Reading Large CSV Files in Python at Once
Code
y_test=[]
y_csv = open('y_test.csv', 'r', encoding='utf-8')
rdr = csv.reader(y_csv)
for line in rdr:
y_test.append(line[0])
y_csv.close()
Normally, when reading a csv file, one would open it using the built-in Python function open
and process it line by line, as shown above. However, this approach is not well-suited for handling big data as soon as loops are introduced. For instance, a file exceeding 700MB might not seem very large, but reading it line by line would be endless.
pandas package
For handling such data, it is convenient to use the pandas package.
Functions
- pandas.read_csv(filepath_or_buffer): Reads a .csv file provided in the filepath_or_buffer and returns it as a dataframe. [ NOTE : By setting header=None, files without headers can be read. If not specified, the first row is assumed to be the header, which might result in losing a piece of data. If the size seems off by exactly one, this scenario could be the reason. ]
- pandas.read_excel: This function allows reading *.xlsx files.

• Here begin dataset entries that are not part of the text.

(* Let $d_{2,P}(t,x)=x^4+2t^2x^2-8t^2x+t^4-t(4x^3-4t^2x+4t^2)$. If $t_0,x_0\in\mathbb Z$ satisfy $d_{2,P}(t_0,x_0)=0$, then for some $n\in\mathbb Z$, $t_0$ is given by one of the following: (1) $t_0=64(u v^3+3v^4)$ with $u=\frac{(1+\sqrt2)^{2n}+(1-\sqrt2)^{2n}}{2}$, $v=\frac{(1+\sqrt2)^{2n}-(1-\sqrt2)^{2n}}{4\sqrt2}$; (2) $t_0=4(uv^3+3v^4)$ with $u=(1+\sqrt2)^{2n+1}+(1-\sqrt2)^{2n+1}$, $v=\frac{(1+\sqrt2)^{2n+1}-(1-\sqrt2)^{2n+1}}{2\sqrt2}$; (3) $t_0=uv^3+3v^4$ with $u=\sqrt2\big((1+\sqrt2)^{2n+1}-(1-\sqrt2)^{2n+1}\big)$, $v=\frac{(1+\sqrt2)^{2n+1}+(1-\sqrt2)^{2n+1}}{2}$; (4) $t_0=uv^3+3v^4$ with $u=\sqrt2\big((1+\sqrt2)^{2n}-(1-\sqrt2)^{2n}\big)$, $v=\frac{(1+\sqrt2)^{2n}+(1-\sqrt2)^{2n}}{2}$. *)

theory Defs
  imports Complex_Main
begin

definition d2P :: "int \<Rightarrow> int \<Rightarrow> int" where
  "d2P t x = x^4 + 2*t^2*x^2 - 8*t^2*x + t^4 - t*(4*x^3 - 4*t^2*x + 4*t^2)"

abbreviation alpha :: real where "alpha \<equiv> 1 + sqrt 2"
abbreviation beta :: real where "beta \<equiv> 1 - sqrt 2"

end

theory Submission
  imports Defs
begin

text \<open>Since d2P t x = (x^2 - 2tx - t^2)^2 - (2t)^2 (2x + t), a root with t \<noteq> 0 forces
2x + t = s^2 and x^2 - 2tx - t^2 = 2ts. Eliminating x leaves a quadratic in t whose discriminant
is a square exactly when m = 2s + 3 solves the Pell equation m^2 - 2w^2 = 1, and then
4t = (m - 3)(3m - 1 + 4w). The Pell solutions are m + w sqrt 2 = \<plusminus>alpha^(2k). Writing
alpha^(-k-1) = P + Q sqrt 2, a unit of norm \<plusminus>1, turns this into
m + w sqrt 2 = \<plusminus>(P - Q sqrt 2)^2 beta^2, and the product then factors as
t = 8PQ^3 + 12Q^4 or t = 4QP^3 + 3P^4. Finally P and Q are read off from alpha^j \<plusminus> beta^j,
which gives the four families according to the parity of j = -k-1.\<close>

lemma square_eq_square_mult_imp_square:
  fixes A c N :: "'a :: ring_gcd"
  assumes "A^2 = c^2 * N" "c \<noteq> 0"
  shows "\<exists>s. A = c*s \<and> N = s^2"
proof -
  have "c dvd A" using assms(1) by (metis dvd_triv_left pow_divides_pow_iff zero_less_numeral)
  then obtain s where s: "A = c*s" ..
  with assms have "N = s^2" by (simp add: power_mult_distrib)
  with s show ?thesis by blast
qed

lemma power_int_minus_even_if_mult_eq_minus_one:
  fixes x y :: "'a :: field"
  assumes "x * y = -1"
  shows "x powi (-(2*k)) = y powi (2*k)"
proof -
  have "x powi (2*k) * y powi (2*k) = 1"
    using assms by (simp flip: power_int_mult_distrib)
  then show ?thesis by (simp add: power_int_minus inverse_unique)
qed

lemma power_int_diff_one_if_mult_eq_minus_one:
  fixes x y :: "'a :: field"
  assumes "x * y = -1"
  shows "x powi (i - 1) = - (x powi i * y)"
proof -
  have "x \<noteq> 0" using assms by auto
  then have "x powi i = x powi (i - 1) * x" using power_int_add_1[of x "i - 1"] by simp
  then show ?thesis using assms by (simp add: mult.assoc)
qed

lemma d2P_as_difference: "d2P t x = (x^2 - 2*t*x - t^2)^2 - (2*t)^2 * (2*x + t)"
  unfolding d2P_def by algebra

lemma d2P_root_imp_pell:
  assumes "d2P t x = 0"
  shows "\<exists>m w. m^2 - 2*w^2 = 1 \<and> 4*t = (m - 3)*(3*m - 1 + 4*w)"
proof (cases "t = 0")
  case True
  then show ?thesis by (intro exI[of _ 3] exI[of _ 2]) simp
next
  case False
  have "(x^2 - 2*t*x - t^2)^2 = (2*t)^2 * (2*x + t)"
    using assms by (simp add: d2P_as_difference)
  then obtain s where s1: "x^2 - 2*t*x - t^2 = 2*t*s" and s2: "2*x + t = s^2"
    using square_eq_square_mult_imp_square False by fastforce
  have quartic: "s^4 - 6*t*s^2 + t^2 = 8*t*s"
  proof -
    have "4*(2*t*s) = (2*x)^2 - 4*t*(2*x) - 4*t^2" using s1 by algebra
    also have "\<dots> = (s^2 - t)^2 - 4*t*(s^2 - t) - 4*t^2" using s2 by algebra
    finally show ?thesis by algebra
  qed
  define m where "m = 2*s + 3"
  have "s \<noteq> 0" using quartic False by auto
  moreover have "(t - 3*s^2 - 4*s)^2 = s^2 * (2*(m^2 - 1))"
    unfolding m_def using quartic by algebra
  ultimately obtain y where y1: "t - 3*s^2 - 4*s = s*y" and y2: "2*(m^2 - 1) = y^2"
    using square_eq_square_mult_imp_square by blast
  have "even y" using y2 by (metis dvd_triv_left even_power)
  then obtain w where w: "y = 2*w" ..
  have "m^2 - 2*w^2 = 1" using y2 w by algebra
  moreover have "4*t = (m - 3)*(3*m - 1 + 4*w)" using y1 w unfolding m_def by algebra
  ultimately show ?thesis by blast
qed

lemma alpha_mult_beta: "alpha * beta = -1"
  by (simp add: algebra_simps)

lemma beta_mult_alpha: "beta * alpha = -1"
  by (simp add: algebra_simps)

The basic usage is similar to pandas.read_csv(filepath_or_buffer), and since Excel files have sheets, the sheet name option can specify which sheet to read.
Methods
- X.to_csv(path_or_buf): Outputs the dataframe X as a .csv file to path_or_buf.
- X.to_excel(path_or_buf): Outputs the dataframe X as a .xlsx file to path_or_buf.
- .head(): Returns the first few data points. Essential for checking if the data has been read correctly.
- .tail(): Returns the last few data points.
Properties
- .shape: Shows the shape of the data. If there are $n$ rows and $p$ columns, it returns (n, p).